YOUR ASSIGNMENT >> Check every line of the entries that follow, and copy the ones containing "assumes".

(Collected data)
== Segment start ==

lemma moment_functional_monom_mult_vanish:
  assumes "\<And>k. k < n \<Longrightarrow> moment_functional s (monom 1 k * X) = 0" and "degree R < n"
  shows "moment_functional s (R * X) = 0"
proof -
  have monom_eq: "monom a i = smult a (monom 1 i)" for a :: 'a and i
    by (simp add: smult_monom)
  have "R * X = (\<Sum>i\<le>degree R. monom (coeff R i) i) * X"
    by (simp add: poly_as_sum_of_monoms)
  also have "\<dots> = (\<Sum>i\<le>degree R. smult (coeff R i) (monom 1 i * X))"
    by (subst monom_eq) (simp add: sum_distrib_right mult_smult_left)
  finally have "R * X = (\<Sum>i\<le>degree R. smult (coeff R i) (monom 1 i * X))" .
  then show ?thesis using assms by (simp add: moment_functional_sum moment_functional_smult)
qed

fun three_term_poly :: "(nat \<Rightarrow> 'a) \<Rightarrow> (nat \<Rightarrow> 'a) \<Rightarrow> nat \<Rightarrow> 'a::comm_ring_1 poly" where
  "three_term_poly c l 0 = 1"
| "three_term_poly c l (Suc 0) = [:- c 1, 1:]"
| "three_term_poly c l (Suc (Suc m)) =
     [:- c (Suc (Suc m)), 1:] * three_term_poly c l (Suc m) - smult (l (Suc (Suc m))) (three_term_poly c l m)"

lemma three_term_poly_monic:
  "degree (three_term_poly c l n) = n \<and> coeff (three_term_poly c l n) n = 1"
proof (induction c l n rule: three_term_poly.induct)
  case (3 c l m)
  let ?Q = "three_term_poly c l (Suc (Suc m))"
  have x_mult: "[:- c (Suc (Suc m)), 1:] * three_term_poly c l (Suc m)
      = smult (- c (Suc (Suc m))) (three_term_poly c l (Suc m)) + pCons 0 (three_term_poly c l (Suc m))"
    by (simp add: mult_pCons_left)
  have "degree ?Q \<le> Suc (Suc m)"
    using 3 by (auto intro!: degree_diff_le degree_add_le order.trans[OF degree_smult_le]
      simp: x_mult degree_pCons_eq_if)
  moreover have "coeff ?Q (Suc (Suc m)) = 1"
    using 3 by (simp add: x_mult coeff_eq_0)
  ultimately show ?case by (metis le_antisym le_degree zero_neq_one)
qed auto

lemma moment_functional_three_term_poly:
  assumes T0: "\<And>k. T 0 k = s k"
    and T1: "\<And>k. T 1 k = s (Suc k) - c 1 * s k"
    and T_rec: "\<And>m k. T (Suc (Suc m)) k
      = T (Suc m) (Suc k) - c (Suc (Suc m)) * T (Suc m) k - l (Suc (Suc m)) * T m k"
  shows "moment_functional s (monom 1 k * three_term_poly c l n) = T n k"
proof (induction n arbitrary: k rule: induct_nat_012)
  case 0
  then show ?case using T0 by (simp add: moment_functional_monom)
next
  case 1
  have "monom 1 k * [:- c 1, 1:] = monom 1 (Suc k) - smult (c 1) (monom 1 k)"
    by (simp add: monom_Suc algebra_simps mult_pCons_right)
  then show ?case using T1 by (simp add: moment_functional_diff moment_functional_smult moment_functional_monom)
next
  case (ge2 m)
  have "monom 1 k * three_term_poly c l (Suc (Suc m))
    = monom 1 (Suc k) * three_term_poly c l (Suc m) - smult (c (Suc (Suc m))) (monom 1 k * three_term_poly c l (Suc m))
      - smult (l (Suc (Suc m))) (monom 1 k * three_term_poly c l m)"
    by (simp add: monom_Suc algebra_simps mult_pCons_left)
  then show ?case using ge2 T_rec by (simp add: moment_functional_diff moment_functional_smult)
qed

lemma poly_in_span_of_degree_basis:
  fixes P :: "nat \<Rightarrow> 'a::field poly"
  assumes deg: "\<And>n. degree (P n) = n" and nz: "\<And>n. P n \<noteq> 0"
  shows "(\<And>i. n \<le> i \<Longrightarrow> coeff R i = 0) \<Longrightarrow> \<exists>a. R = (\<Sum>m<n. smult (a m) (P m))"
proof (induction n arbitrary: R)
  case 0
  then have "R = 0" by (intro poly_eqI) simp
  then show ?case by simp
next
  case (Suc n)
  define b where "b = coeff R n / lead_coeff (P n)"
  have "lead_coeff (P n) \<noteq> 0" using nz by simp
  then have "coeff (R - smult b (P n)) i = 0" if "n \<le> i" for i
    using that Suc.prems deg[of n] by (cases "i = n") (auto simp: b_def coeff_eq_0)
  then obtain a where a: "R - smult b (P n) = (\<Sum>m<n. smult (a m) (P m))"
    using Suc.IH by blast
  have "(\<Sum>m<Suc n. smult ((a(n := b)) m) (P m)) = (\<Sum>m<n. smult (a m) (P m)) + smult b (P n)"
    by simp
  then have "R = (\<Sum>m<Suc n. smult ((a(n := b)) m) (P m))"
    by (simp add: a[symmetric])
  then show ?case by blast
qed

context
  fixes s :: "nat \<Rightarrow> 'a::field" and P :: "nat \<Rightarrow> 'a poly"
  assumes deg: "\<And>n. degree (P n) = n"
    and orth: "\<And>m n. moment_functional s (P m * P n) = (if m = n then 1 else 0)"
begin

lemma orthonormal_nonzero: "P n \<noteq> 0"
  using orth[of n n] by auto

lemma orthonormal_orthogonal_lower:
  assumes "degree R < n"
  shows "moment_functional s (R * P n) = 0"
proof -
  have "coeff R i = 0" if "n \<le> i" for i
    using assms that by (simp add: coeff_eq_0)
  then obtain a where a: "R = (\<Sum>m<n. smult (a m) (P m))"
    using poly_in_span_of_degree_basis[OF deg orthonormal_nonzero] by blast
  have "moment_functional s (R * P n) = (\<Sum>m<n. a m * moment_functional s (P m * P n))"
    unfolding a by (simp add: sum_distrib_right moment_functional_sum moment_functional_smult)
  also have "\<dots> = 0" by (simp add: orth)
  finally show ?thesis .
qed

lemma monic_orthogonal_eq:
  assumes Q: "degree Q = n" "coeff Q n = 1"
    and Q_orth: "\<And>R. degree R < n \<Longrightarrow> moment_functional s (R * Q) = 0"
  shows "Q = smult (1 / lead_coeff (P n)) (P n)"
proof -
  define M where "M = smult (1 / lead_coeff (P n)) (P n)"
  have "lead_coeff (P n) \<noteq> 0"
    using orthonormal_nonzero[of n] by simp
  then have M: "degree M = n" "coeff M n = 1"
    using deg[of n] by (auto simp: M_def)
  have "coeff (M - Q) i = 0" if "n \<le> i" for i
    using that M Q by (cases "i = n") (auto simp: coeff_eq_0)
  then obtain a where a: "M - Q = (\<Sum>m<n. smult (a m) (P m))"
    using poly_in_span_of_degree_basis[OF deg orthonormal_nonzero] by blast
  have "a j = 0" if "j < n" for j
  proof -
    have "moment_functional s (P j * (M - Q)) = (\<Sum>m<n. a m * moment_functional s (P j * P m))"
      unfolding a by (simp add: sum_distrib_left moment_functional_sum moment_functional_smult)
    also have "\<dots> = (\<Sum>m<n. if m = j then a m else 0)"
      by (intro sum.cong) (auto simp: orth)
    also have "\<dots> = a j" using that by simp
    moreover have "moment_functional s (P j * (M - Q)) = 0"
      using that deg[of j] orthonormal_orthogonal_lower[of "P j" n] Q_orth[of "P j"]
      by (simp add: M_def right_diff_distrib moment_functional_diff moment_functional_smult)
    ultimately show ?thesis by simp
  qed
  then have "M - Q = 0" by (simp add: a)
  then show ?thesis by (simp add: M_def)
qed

== Segment end ==

YOUR RESPONSE >>
  assumes "\<And>k. k < n \<Longrightarrow> moment_functional s (monom 1 k * X) = 0" and "degree R < n"
  assumes T0: "\<And>k. T 0 k = s k"
  assumes deg: "\<And>n. degree (P n) = n" and nz: "\<And>n. P n \<noteq> 0"
  assumes deg: "\<And>n. degree (P n) = n"
  assumes "degree R < n"
  assumes Q: "degree Q = n" "coeff Q n = 1"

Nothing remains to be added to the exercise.